Industri pop musik Indonesia dimulai dari industri piringan hitam terjadi dari mulai tahu 40 an, 50 an sampai memasuki tahun 60an
Industri piringan hitam ini di Indonesia maupun di dunia internasional dalam produksi maupun pemasarannya sangat bagus sehingga imbalan yang diberikan kepada para seniman berupa imbalan royalty sangat transparan dan dapat dipertanggung jawabkan dengan sangat baik.
Umpamanya saja imbalan yang diberikan kepada seniman sudah ditentukan secara format internasional, bahwa semua pembayaran berdasarkan penjualan dari banyaknya piringan hitam yang terjual, dan persentase hasil penjualan untuk para seniman itupun sudah diatur, yaitu penyanyi mendapatkan sekitar 9%, pemusik dan arranger sekitar 18%, dan pencipta lagu mendapatkan 9% dari piringan hitam yang terjual.
Begitu juga dalam pemasarannya atau distribusinya, piringan hitam itu tidak ada sistem konsinyasi atau dapat diretur, jadi semua piringan hitam yang diorder oleh toko harus dibayar lunas dan tidak bisa diretur. Dan kalau stok toko habis baru bisa direpeat dan harus dibayar lunas saat itu juga.

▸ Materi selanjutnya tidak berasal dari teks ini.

lemma larger_amplitude_imp_larger_probability:
  assumes axioms: "satisfies_axioms S Tr p"
    and moves: "admits_moves S Tr" and shrinking: "admits_shrinking S Tr"
    and v: "v \<in> S" "bounded_state v" "norm (v k) < norm (v l)"
  shows "p v k \<le> p v l"
proof -
  have A2: "axiom_A2 S p" and A3: "axiom_A3 S Tr p"
    using axioms unfolding satisfies_axioms_def by blast+
  have "l \<noteq> k"
    using v(3) by auto
  obtain m where m: "m \<noteq> l" "m \<noteq> k" "v m = 0"
    using bounded_state_obtains_empty_world[OF v(2)] .
  obtain y where step: "pair_step S Tr l m v (v(l := v k, m := y))"
    using shrinking v m unfolding admits_shrinking_def by metis
  define w where "w = v(l := v k, m := y)"
  have "w \<in> S"
    using step unfolding pair_step_def w_def by blast
  have "bounded_state w"
  proof -
    have "{n. w n \<noteq> 0} \<subseteq> insert m (insert l {n. v n \<noteq> 0})"
      unfolding w_def by auto
    then show ?thesis
      using v(2) finite_subset unfolding bounded_state_def by blast
  qed
  then obtain m' where m': "m' \<noteq> l" "m' \<noteq> k" "w m' = 0"
    using bounded_state_obtains_empty_world by blast
  have "w l = w k"
    unfolding w_def using m \<open>l \<noteq> k\<close> by simp
  then have "p w l = p w k"
    using equal_amplitudes_imp_equal_probability[OF A2 A3 moves \<open>w \<in> S\<close> m'(3)] m' \<open>l \<noteq> k\<close>
    by blast
  moreover have "p v l + p v m = p w l + p w m" "p v k = p w k"
    using axiom_A3_pair_step[OF A3 v(1) step] m \<open>l \<noteq> k\<close> unfolding w_def by auto
  moreover have "p v m = 0"
    using A2 v(1) m(3) unfolding axiom_A2_def by blast
  moreover have "0 \<le> p w m"
    using axioms \<open>w \<in> S\<close> unfolding satisfies_axioms_def probability_rule_def by blast
  ultimately show ?thesis
    by linarith
qed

Tetapi pada waktu industri musik di Indonesia mengalami perubahan teknologi dari produk piringan hitam menjadi produk kaset maka mulailah terjadi banyak perubahan besar, dan perubahan ini membuat industri musik menjadi tidak beraturan. Umpamanya dalam hal imbalan pada seniman, mulai tidak lagi bisa dikaitkan dengan system royalty karena dalam industri musik kaset ini mulai terjadi namanya sistem konsinyasi, yaitu jika agen mengorder berapa banyak jumlah kaset yang dipesan, itu bisa terjadi istilah konsinyasi atau dapat dipulangkan ( diretur ) yang tidak terjual. Dan juga dalam kaitan dalam sistem pembayaran dari agen kepada distributor itu mulai terjadi dengan pembayaran giro, cek yang berupa cek mundur dalam jangka waktu 1 bulan, 3 bulan, 6 bulan yang tidak dipastikan bahwa cek ini pada waktunya bisa cair dan kadang-kadang juga cek ini kosong.
Apalagi cek itu sendiri kadang-kadang sudah berpindah tangan dari distributor, dituker cash kepada beberapa orang dan bisa menjadi masalah jika ternyata pada akhirnya cek itu kosong.
Karena industri kaset ini juga ada sistem yang bisa direkam ulang, jadi kaset yang diretur ( yg tidak terjual) bisa diisi ulang lagi dengan namanya sistem low speed itu biasanya dipakai sistem rekaman dengan berpuluh – puluh atau beratus – ratus tape deck.
Dan ini adalah sistem cikal bakal mulai adanya pembajakan, jadi boleh dibilang pembajakan dimulai dari system low speed ini.
Banyak sekali pengusaha yang menjadi perusahaan rekaman tetapi juga pengusaha yang mendirikan pabrik kaset seperti BASF, HDX, P.T Muray, dll
Dalam pelaksanannya low speed ini juga merupakan perusahaan – perusahaan yang menerima order dari perusahaan rekaman, baik yang legal maupun tidak legal. Sedangkan di pabrik kaset sendiri sudah menggunakan sistem perekaman dengan sistem high speed dimana 1 menit proses bisa memproduksi 80 kaset.